Organizing the 1999 East Timorese Independence Referendum
Oral History Item Type Metadata
Well, let's get to the present now -- I mean, leading up to the ballot, and I think this is important when one thinks of the future of East Timor. We decided -- the United Nations went out there with UNAMET, the Mission for East Timor, to organize this ballot. We did so without any U.N. military backing of any kind. As I said, we depended on security for the Indonesian people; all we had was the U.N.'s mobile force and authority, which we exercised to the utmost, and we were there all the time.

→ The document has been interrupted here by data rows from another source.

inductive smooth_closure :: "(nat \<Rightarrow> real \<Rightarrow> real) \<Rightarrow> ('a::real_normed_vector \<Rightarrow> real) \<Rightarrow> bool"
  for \<phi> :: "nat \<Rightarrow> real \<Rightarrow> real"
where
  const: "smooth_closure \<phi> (\<lambda>x. c)"
| linear: "bounded_linear f \<Longrightarrow> smooth_closure \<phi> f"
| add: "smooth_closure \<phi> f \<Longrightarrow> smooth_closure \<phi> g \<Longrightarrow> smooth_closure \<phi> (\<lambda>x. f x + g x)"
| mult: "smooth_closure \<phi> f \<Longrightarrow> smooth_closure \<phi> g \<Longrightarrow> smooth_closure \<phi> (\<lambda>x. f x * g x)"
| comp: "smooth_closure \<phi> f \<Longrightarrow> smooth_closure \<phi> (\<lambda>x. \<phi> k (f x))"

lemma smooth_closure_has_derivative:
  assumes \<phi>: "\<And>k t. (\<phi> k has_real_derivative \<phi> (Suc k) t) (at t)"
    and "smooth_closure \<phi> f"
  shows "\<exists>D. (\<forall>x. (f has_derivative D x) (at x)) \<and> (\<forall>v. smooth_closure \<phi> (\<lambda>x. D x v))"
  using assms(2)
proof (induction rule: smooth_closure.induct)
  case (const c)
  show ?case
    by (rule exI[of _ "\<lambda>x v. 0"]) (auto intro: smooth_closure.const)
next
  case (linear f)
  then show ?case
    by (intro exI[of _ "\<lambda>x. f"]) (auto intro: smooth_closure.const bounded_linear_imp_has_derivative)
next
  case (add f g)
  then obtain Df Dg where "\<forall>x. (f has_derivative Df x) (at x)" "\<forall>v. smooth_closure \<phi> (\<lambda>x. Df x v)"
    "\<forall>x. (g has_derivative Dg x) (at x)" "\<forall>v. smooth_closure \<phi> (\<lambda>x. Dg x v)"
    by blast
  then show ?case
    by (intro exI[of _ "\<lambda>x v. Df x v + Dg x v"]) (auto intro: smooth_closure.add has_derivative_add)
next
  case (mult f g)
  then obtain Df Dg where "\<forall>x. (f has_derivative Df x) (at x)" "\<forall>v. smooth_closure \<phi> (\<lambda>x. Df x v)"
    "\<forall>x. (g has_derivative Dg x) (at x)" "\<forall>v. smooth_closure \<phi> (\<lambda>x. Dg x v)"
    by blast
  with mult.hyps show ?case
    by (intro exI[of _ "\<lambda>x v. f x * Dg x v + Df x v * g x"])
      (auto intro!: smooth_closure.add smooth_closure.mult has_derivative_mult)
next
  case (comp f k)
  then obtain Df where Df: "\<forall>x. (f has_derivative Df x) (at x)" "\<forall>v. smooth_closure \<phi> (\<lambda>x. Df x v)"
    by blast
  have "((\<lambda>x. \<phi> k (f x)) has_derivative (\<lambda>v. \<phi> (Suc k) (f x) * Df x v)) (at x)" for x
    using has_derivative_compose[OF Df(1)[rule_format] \<phi>[unfolded has_field_derivative_def]]
    by (simp add: o_def)
  with Df comp.hyps show ?case
    by (intro exI[of _ "\<lambda>x v. \<phi> (Suc k) (f x) * Df x v"])
      (auto intro!: smooth_closure.mult smooth_closure.comp)
qed

lemma smooth_closure_dderiv:
  assumes "\<And>k t. (\<phi> k has_real_derivative \<phi> (Suc k) t) (at t)"
    and "smooth_closure \<phi> f"
  shows "smooth_closure \<phi> (dderiv vs f)"
proof (induction vs)
  case Nil
  then show ?case
    using assms(2) by simp
next
  case (Cons v vs)
  then obtain D where D: "\<forall>x. (dderiv vs f has_derivative D x) (at x)" "\<forall>v. smooth_closure \<phi> (\<lambda>x. D x v)"
    using smooth_closure_has_derivative[of \<phi> "dderiv vs f"] assms(1) by blast
  have "dderiv (v # vs) f = (\<lambda>x. D x v)"
    using frechet_derivative_at[OF D(1)[rule_format]] by auto
  with D show ?case
    by simp
qed

lemma smooth_closure_imp_smooth:
  assumes "\<And>k t. (\<phi> k has_real_derivative \<phi> (Suc k) t) (at t)"
    and "smooth_closure \<phi> f"
  shows "smooth f"
  unfolding smooth_def differentiable_def
  using smooth_closure_has_derivative[OF assms(1) smooth_closure_dderiv[OF assms]] by blast

section \<open>Rescaled bumps\<close>

definition bump :: "real^2 \<Rightarrow> real \<Rightarrow> real^2 \<Rightarrow> real" where
  "bump y r x = exp_neg_inv_deriv 0 (1 - ((x - y) \<bullet> (x - y)) / r\<^sup>2)"

lemma inner_diff_self_eq_dist: "(x - y) \<bullet> (x - y) = (dist x y)\<^sup>2"
  by (simp add: dist_norm power2_norm_eq_inner)

lemma bump_nonneg: "0 \<le> bump y r x"
  and bump_le_1: "bump y r x \<le> 1"
  by (simp_all add: bump_def exp_neg_inv_deriv_0)

lemma bump_eq_0:
  assumes "0 < r" "r \<le> dist x y"
  shows "bump y r x = 0"
proof -
  have "r\<^sup>2 \<le> (dist x y)\<^sup>2"
    using assms by (simp add: power_mono)
  then show ?thesis
    using assms(1) by (simp add: bump_def inner_diff_self_eq_dist exp_neg_inv_deriv_nonpos)
qed

lemma bump_ge_exp:
  assumes "0 < r" "dist x y \<le> r / 2"
  shows "exp (- 4 / 3) \<le> bump y r x"
proof -
  define t where "t = 1 - (dist x y)\<^sup>2 / r\<^sup>2"
  have "(dist x y)\<^sup>2 \<le> (r / 2)\<^sup>2"
    using assms by (simp add: power_mono)
  then have "3 / 4 \<le> t"
    using assms(1) by (simp add: t_def power_divide field_simps)
  then have "- 4 / 3 \<le> - 1 / t"
    by (simp add: field_simps)
  with \<open>3 / 4 \<le> t\<close> show ?thesis
    by (simp add: bump_def inner_diff_self_eq_dist exp_neg_inv_deriv_0 flip: t_def)
qed

lemma continuous_on_bump: "continuous_on UNIV (bump y r)"
  unfolding bump_def divide_inverse by (intro continuous_intros)

lemma smooth_closure_bump: "smooth_closure exp_neg_inv_deriv (bump y r)"
proof -
  have "bump y r = (\<lambda>x. exp_neg_inv_deriv 0 (1 + (- inverse (r\<^sup>2)) *
      ((x $ 1 + - y $ 1) * (x $ 1 + - y $ 1) + (x $ 2 + - y $ 2) * (x $ 2 + - y $ 2))))"
    by (simp add: fun_eq_iff bump_def inner_vec_def sum_2 divide_inverse algebra_simps)
  then show ?thesis
    by (simp only:) (intro smooth_closure.comp smooth_closure.add smooth_closure.mult
        smooth_closure.const smooth_closure.linear[OF bounded_linear_vec_nth])
qed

We set up these polling booths. We set a very elaborate registration process. We had a very elaborate education process by radio and television, telling the East Timorese people what it was all about, what it meant in acceptance or rejection, an education program on that; and also assuring them that their ballot would be secret, that nobody would know which way they voted, and therefore they should not be intimidated.
Now, there was a great deal of intimidation that went on by the pro-integration forces, whereas the pro-independence forces -- Xanana was still in prison, he wasn't allowed out -- were not able to campaign. This is something we watched very carefully. The Secretary-General had said that at the time of the ballot, there must be an even playing field. Point of fact, there was not. All the facilities and all the action was taken by the pro-integrationists, including a lot of threatening.
But I spoke to Xanana about this, we followed it very carefully, and I said that I think we ought to go ahead with this. And he said -- and so did the bishops, for that matter -- that it doesn't matter. "We've been campaigning for twenty-five years, and so we're not worried about not being able to campaign right now. We know what's going to happen." And so that was one thing that persuaded me to stay the course.
And then came the day for the registration of voters, and the voters came out and registered. They came out from the hills, they came out from the villages, they came out -- they braved everything to come out and register and get that little registration slip in their hands, which was to them the most valuable thing in their lives, and then they went back into the hills again. And we checked on the figures.
The Indonesian elections had just taken place two weeks -- three weeks before, and the turnout for that was something like 320,000. The turnout for this registration was 450,000. In the first case, of course, they had all been herded into and pushed; in this case they were obviously being -- but in spite of that, they went out. Once that happened, I was convinced that we had to give them the chance to exercise this ballot; otherwise, this would never occur again, no matter what, and it was a moral responsibility that we had. So we moved everything that we could to give maximum publicity.